1

I'm working with WikiData (a cross-referencing of multiple data sources, including Wikipedia) and they provide a ~50 GB JSON file with no white space. I want to extract certain kinds of data from it, which I could do with grep if it was pretty printed. I'm running on a mac.

Some methods of reformatting, e.g.,

 cat ... | python -m json.too
 ./jq . filename.json

Will not work on a large file. python chokes. jq dies. There was a great thread here: How can I pretty-print JSON in (unix) shell script? But I'm not sure how/if any can deal with large files.

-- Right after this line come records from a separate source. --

lemma mat_sum_mult:
  fixes f :: "'a \<Rightarrow> 'b :: semiring_0 mat"
  assumes "\<And>x. x \<in> X \<Longrightarrow> f x \<in> carrier_mat n n" "C \<in> carrier_mat n n"
  shows "mat_sum n f X * C = mat_sum n (\<lambda>x. f x * C) X"
proof (rule eq_matI)
  fix i j assume "i < dim_row (mat_sum n (\<lambda>x. f x * C) X)" "j < dim_col (mat_sum n (\<lambda>x. f x * C) X)"
  then have ij: "i < n" "j < n" by simp_all
  have "(mat_sum n f X * C) $$ (i, j) = (\<Sum>l<n. (\<Sum>x\<in>X. f x $$ (i, l)) * C $$ (l, j))"
    using assms ij by (subst index_mult_mat_sum[of _ n n _ n]) simp_all
  also have "\<dots> = (\<Sum>x\<in>X. \<Sum>l<n. f x $$ (i, l) * C $$ (l, j))"
    by (simp add: sum_distrib_right sum.swap[of _ "{..<n}"])
  also have "\<dots> = mat_sum n (\<lambda>x. f x * C) X $$ (i, j)"
    using assms ij by (simp add: index_mult_mat_sum[of _ n n _ n])
  finally show "(mat_sum n f X * C) $$ (i, j) = mat_sum n (\<lambda>x. f x * C) X $$ (i, j)" .
qed (use assms in auto)

lemma mult_mat_sum:
  fixes f :: "'a \<Rightarrow> 'b :: semiring_0 mat"
  assumes "\<And>x. x \<in> X \<Longrightarrow> f x \<in> carrier_mat n n" "C \<in> carrier_mat n n"
  shows "C * mat_sum n f X = mat_sum n (\<lambda>x. C * f x) X"
proof (rule eq_matI)
  fix i j assume "i < dim_row (mat_sum n (\<lambda>x. C * f x) X)" "j < dim_col (mat_sum n (\<lambda>x. C * f x) X)"
  then have ij: "i < n" "j < n" by simp_all
  have "(C * mat_sum n f X) $$ (i, j) = (\<Sum>l<n. C $$ (i, l) * (\<Sum>x\<in>X. f x $$ (l, j)))"
    using assms ij by (subst index_mult_mat_sum[of _ n n _ n]) simp_all
  also have "\<dots> = (\<Sum>x\<in>X. \<Sum>l<n. C $$ (i, l) * f x $$ (l, j))"
    by (simp add: sum_distrib_left sum.swap[of _ "{..<n}"])
  also have "\<dots> = mat_sum n (\<lambda>x. C * f x) X $$ (i, j)"
    using assms ij by (simp add: index_mult_mat_sum[of _ n n _ n])
  finally show "(C * mat_sum n f X) $$ (i, j) = mat_sum n (\<lambda>x. C * f x) X $$ (i, j)" .
qed (use assms in auto)

lemma mat_trace_mat_sum:
  assumes "\<And>x. x \<in> X \<Longrightarrow> f x \<in> carrier_mat n n"
  shows "mat_trace (mat_sum n f X) = (\<Sum>x\<in>X. mat_trace (f x))"
  using assms by (simp add: mat_trace_eq_sum[of _ n] sum.swap[of _ "{..<n}"])

definition matrix_unit :: "nat \<Rightarrow> nat \<Rightarrow> nat \<Rightarrow> 'a :: zero_neq_one mat" where
  "matrix_unit n k l = mat n n (\<lambda>(i, j). if i = k \<and> j = l then 1 else 0)"

lemma matrix_unit_carrier [simp]: "matrix_unit n k l \<in> carrier_mat n n"
  by (simp add: matrix_unit_def)

lemma mat_trace_matrix_unit: "k < n \<Longrightarrow> mat_trace (matrix_unit n k l) = (if k = l then 1 else 0)"
  by (simp add: mat_trace_eq_sum[of _ n] matrix_unit_def)

lemma index_mult_matrix_unit_mult:
  fixes A B :: "'a :: semiring_1 mat"
  assumes "A \<in> carrier_mat n n" "B \<in> carrier_mat n n" "i < n" "j < n" "k < n" "l < n"
  shows "(A * matrix_unit n k l * B) $$ (i, j) = A $$ (i, k) * B $$ (l, j)"
proof -
  have row: "(A * matrix_unit n k l) $$ (i, m) = (if m = l then A $$ (i, k) else 0)" if "m < n" for m
    using assms that
    by (subst index_mult_mat_sum[of _ n n _ n]) (simp_all add: matrix_unit_def if_distrib cong: if_cong)
  have "(A * matrix_unit n k l * B) $$ (i, j) = (\<Sum>m<n. (A * matrix_unit n k l) $$ (i, m) * B $$ (m, j))"
    using assms by (intro index_mult_mat_sum) auto
  also have "\<dots> = (\<Sum>m<n. if m = l then A $$ (i, k) * B $$ (m, j) else 0)"
    using row by (intro sum.cong) auto
  finally show ?thesis
    using assms by simp
qed

section \<open>Eigenvalues of complex matrices\<close>

lemma poly_prod_list_linear_root:
  fixes es :: "'a :: comm_ring_1 list"
  shows "e \<in> set es \<Longrightarrow> poly (\<Prod>a\<leftarrow>es. [:- a, 1:]) e = 0"
  by (induction es) auto

lemma mat_trace_eq_sum_eigenvalues:
  fixes A :: "complex mat"
  assumes A: "A \<in> carrier_mat n n"
  obtains es where "\<forall>e\<in>set es. eigenvalue A e" "length es = n" "mat_trace A = sum_list es"
proof -
  obtain es where es: "char_poly A = (\<Prod>a\<leftarrow>es. [:- a, 1:])" "length es = n"
    using char_poly_factorized[OF A] by blast
  obtain B P Q where "schur_decomposition A es = (B, P, Q)"
    by (cases "schur_decomposition A es") auto
  from schur_decomposition[OF A es(1) this]
  have sim: "similar_mat_wit A B P Q" and diag: "diag_mat B = es" by blast+
  from similar_mat_witD2[OF A sim]
  have B: "B \<in> carrier_mat n n" and P: "P \<in> carrier_mat n n" and Q: "Q \<in> carrier_mat n n"
    and QP: "Q * P = 1\<^sub>m n" and APBQ: "A = P * B * Q" by blast+
  have "mat_trace A = mat_trace (Q * (P * B))"
    using APBQ mat_trace_mult_comm[OF mult_carrier_mat[OF P B] Q] by simp
  also have "Q * (P * B) = B"
    using B P Q QP by (simp flip: assoc_mult_mat)
  also have "mat_trace B = sum_list es"
    using B by (simp add: mat_trace_def diag[symmetric] diag_mat_def sum_list_sum_nth lessThan_atLeast0)
  finally have "mat_trace A = sum_list es" .
  moreover have "\<forall>e\<in>set es. eigenvalue A e"
    using es(1) A by (simp add: eigenvalue_root_char_poly poly_prod_list_linear_root)
  ultimately show thesis
    using that es(2) by blast
qed

lemma Re_mat_trace_ge:
  fixes A :: "complex mat"
  assumes "A \<in> carrier_mat n n" and "\<And>e. eigenvalue A e \<Longrightarrow> cmod e \<le> 1"
  shows "- real n \<le> Re (mat_trace A)"
proof -
  obtain es where es: "\<forall>e\<in>set es. eigenvalue A e" "length es = n" "mat_trace A = sum_list es"
    using mat_trace_eq_sum_eigenvalues[OF assms(1)] by blast
  have "- real (length es) \<le> Re (sum_list es)" if "\<forall>e\<in>set es. cmod e \<le> 1" for es
    using that by (induction es) (auto dest!: abs_Re_le_cmod[THEN order_trans])
  then show ?thesis
    using es assms(2) by auto
qed

lemma eigenvalue_exists:
  fixes A :: "complex mat"
  assumes "A \<in> carrier_mat n n" "n > 0"
  obtains e where "eigenvalue A e"
proof -
  obtain es where es: "char_poly A = (\<Prod>a\<leftarrow>es. [:- a, 1:])" "length es = n"
    using char_poly_factorized[OF assms(1)] by blast
  then have "hd es \<in> set es"
    using assms(2) by (cases es) auto
  then have "poly (char_poly A) (hd es) = 0"
    unfolding es(1) by (rule poly_prod_list_linear_root)
  then show thesis
    using that eigenvalue_root_char_poly[OF assms(1)] by blast
qed

lemma cmod_eigenvalue_eq_1:
  fixes A :: "complex mat"
  assumes A: "A \<in> carrier_mat n n" and "A ^\<^sub>m m = 1\<^sub>m n" "m > 0" and "eigenvalue A e"
  shows "cmod e = 1"
proof -
  obtain v where v: "eigenvector A v e"
    using assms(4) unfolding eigenvalue_def by blast
  then have vc: "v \<in> carrier_vec n" "v \<noteq> 0\<^sub>v n"
    using A unfolding eigenvector_def by auto
  then obtain i where i: "i < n" "v $ i \<noteq> 0"
    by (metis eq_vecI carrier_vecD index_zero_vec)
  have "v = e ^ m \<cdot>\<^sub>v v"
    using eigenvector_pow[OF A v, of m] assms(2) vc by simp
  then have "v $ i = e ^ m * v $ i"
    using i vc by (metis carrier_vecD index_smult_vec(1))
  then have "e ^ m = 1"
    using i by simp
  then have "cmod e ^ m = 1"
    by (metis norm_one norm_power)
  then show ?thesis
    using assms(3) power_eq_iff_eq_base[of m "cmod e" 1] by simp
qed

section \<open>Representations of groups\<close>

lemma (in group) bij_betw_mult_right:
  "g \<in> carrier G \<Longrightarrow> bij_betw (\<lambda>x. x \<otimes> g) (carrier G) (carrier G)"
  by (rule bij_betwI[where g = "\<lambda>x. x \<otimes> inv g"]) (auto simp: m_assoc)

lemma (in group) commutator_swap:
  "x \<in> carrier G \<Longrightarrow> y \<in> carrier G \<Longrightarrow> commutator G y x = inv (commutator G x y)"
  by (simp add: commutator_def inv_mult_group m_assoc)

locale group_rep = group G for G (structure) +
  fixes n :: nat and \<rho> :: "'a \<Rightarrow> complex mat"
  assumes representation: "representation G n \<rho>"
begin

lemma rep_carrier [simp]: "g \<in> carrier G \<Longrightarrow> \<rho> g \<in> carrier_mat n n"
  and rep_one [simp]: "\<rho> \<one> = 1\<^sub>m n"
  and rep_mult: "g \<in> carrier G \<Longrightarrow> h \<in> carrier G \<Longrightarrow> \<rho> (g \<otimes> h) = \<rho> g * \<rho> h"
  using representation by (simp_all add: representation_def)

lemma rep_mult_inv [simp]: "g \<in> carrier G \<Longrightarrow> \<rho> g * \<rho> (inv g) = 1\<^sub>m n"
  by (simp flip: rep_mult)

lemma rep_pow: assumes "g \<in> carrier G" shows "\<rho> g ^\<^sub>m k = \<rho> (g [^] k)"
  using assms carrier_matD[OF rep_carrier[OF assms]] by (induction k) (simp_all add: rep_mult)

lemma character_one: "character \<rho> \<one> = of_nat n"
  by (simp add: character_def mat_trace_one)

lemma cmod_eigenvalue_rep:
  assumes "finite (carrier G)" "g \<in> carrier G" "eigenvalue (\<rho> g) e"
  shows "cmod e = 1"
proof (rule cmod_eigenvalue_eq_1)
  show "\<rho> g ^\<^sub>m Coset.order G = 1\<^sub>m n"
    using assms(2) by (simp add: rep_pow pow_order_eq_1)
  show "Coset.order G > 0"
    using assms(1) by (simp add: order_gt_0_iff_finite)
qed (use assms in auto)

lemma Re_character_ge:
  "finite (carrier G) \<Longrightarrow> g \<in> carrier G \<Longrightarrow> - real n \<le> Re (character \<rho> g)"
  unfolding character_def by (rule Re_mat_trace_ge) (auto dest: cmod_eigenvalue_rep)

lemma eigenspace_invariant:
  assumes A: "A \<in> carrier_mat n n" and comm: "\<And>g. g \<in> carrier G \<Longrightarrow> A * \<rho> g = \<rho> g * A"
  shows "invariant_subspace G n \<rho> {v \<in> carrier_vec n. A *\<^sub>v v = e \<cdot>\<^sub>v v}"
proof -
  have "A *\<^sub>v (\<rho> g *\<^sub>v v) = e \<cdot>\<^sub>v (\<rho> g *\<^sub>v v)"
    if g: "g \<in> carrier G" and v: "v \<in> carrier_vec n" "A *\<^sub>v v = e \<cdot>\<^sub>v v" for g v
  proof -
    have "A *\<^sub>v (\<rho> g *\<^sub>v v) = (A * \<rho> g) *\<^sub>v v"
      using A g v by (simp add: assoc_mult_mat_vec[of _ n n _ n])
    also have "\<dots> = \<rho> g *\<^sub>v (e \<cdot>\<^sub>v v)"
      using A g v comm by (simp add: assoc_mult_mat_vec[of _ n n _ n])
    also have "\<dots> = e \<cdot>\<^sub>v (\<rho> g *\<^sub>v v)"
      using g v by (simp add: mult_mat_vec[of _ n n])
    finally show ?thesis .
  qed
  then show ?thesis
    using A unfolding invariant_subspace_def
    by (auto simp: mult_add_distrib_mat_vec smult_add_distrib_vec mult_mat_vec smult_smult_assoc
                   mult.commute intro: mult_mat_vec_carrier[OF rep_carrier])
qed

end

locale irreducible_group_rep = group G for G (structure) +
  fixes n :: nat and \<rho> :: "'a \<Rightarrow> complex mat"
  assumes irreducible: "irreducible_representation G n \<rho>"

This company uses "Akka streams" to do this very task (they claim <10 minutes to process all Wikidata), but I know nothing about it: http://engineering.intenthq.com/2015/06/wikidata-akka-streams/

Wikidata has a predictable format (https://www.mediawiki.org/wiki/Wikibase/DataModel/JSON), and I am able to accomplish most of my goal by piping through a series of sed and tr, but it's clumsy and potentially error-prone, and I'd much prefer to be grepping on a prettyprint.

Any suggestions?

Community
  • 1
  • 1
some ideas
  • 64
  • 3
  • 14
  • By "certain kinds" you mean what? Can you give an example of the `grep`? It sounds like you need the white space from the pretty print to create your match criteria? Shouldn't you be able to use a regex to deal with having no white space? I'm guessing that since there is no white space, there are no `` characters, is that true? – Beartech Jul 28 '15 at 16:57
  • There are zero linefeeds, and forcing line feeds after JSON delimiters is too sloppy. The Wikidata is very predictable, so for example, I could search for lines containing '"language":"en"' or '"site":"enwiki"' and get what I need. – some ideas Jul 28 '15 at 19:07
  • 1
    why not piping through a sed/awk (or whatever) to helping a bit your grep. By ex to cut at start of section that could match your criteria (potentialy). some option like `sed -u` does not buffer the lines keeping memory low for this. – NeronLeVelu Jul 29 '15 at 05:50
  • Hi Neron, thanks for mentioning sed -u; though that's not available on the Mac. But I did end up using a series of sed's. – some ideas Jul 30 '15 at 16:10

2 Answers2

3

There are several libraries out there for parsing JSON streams, which I think is what you want—you can pipe the JSON in and deal with it as a stream, which saves you from having to load the whole thing into memory.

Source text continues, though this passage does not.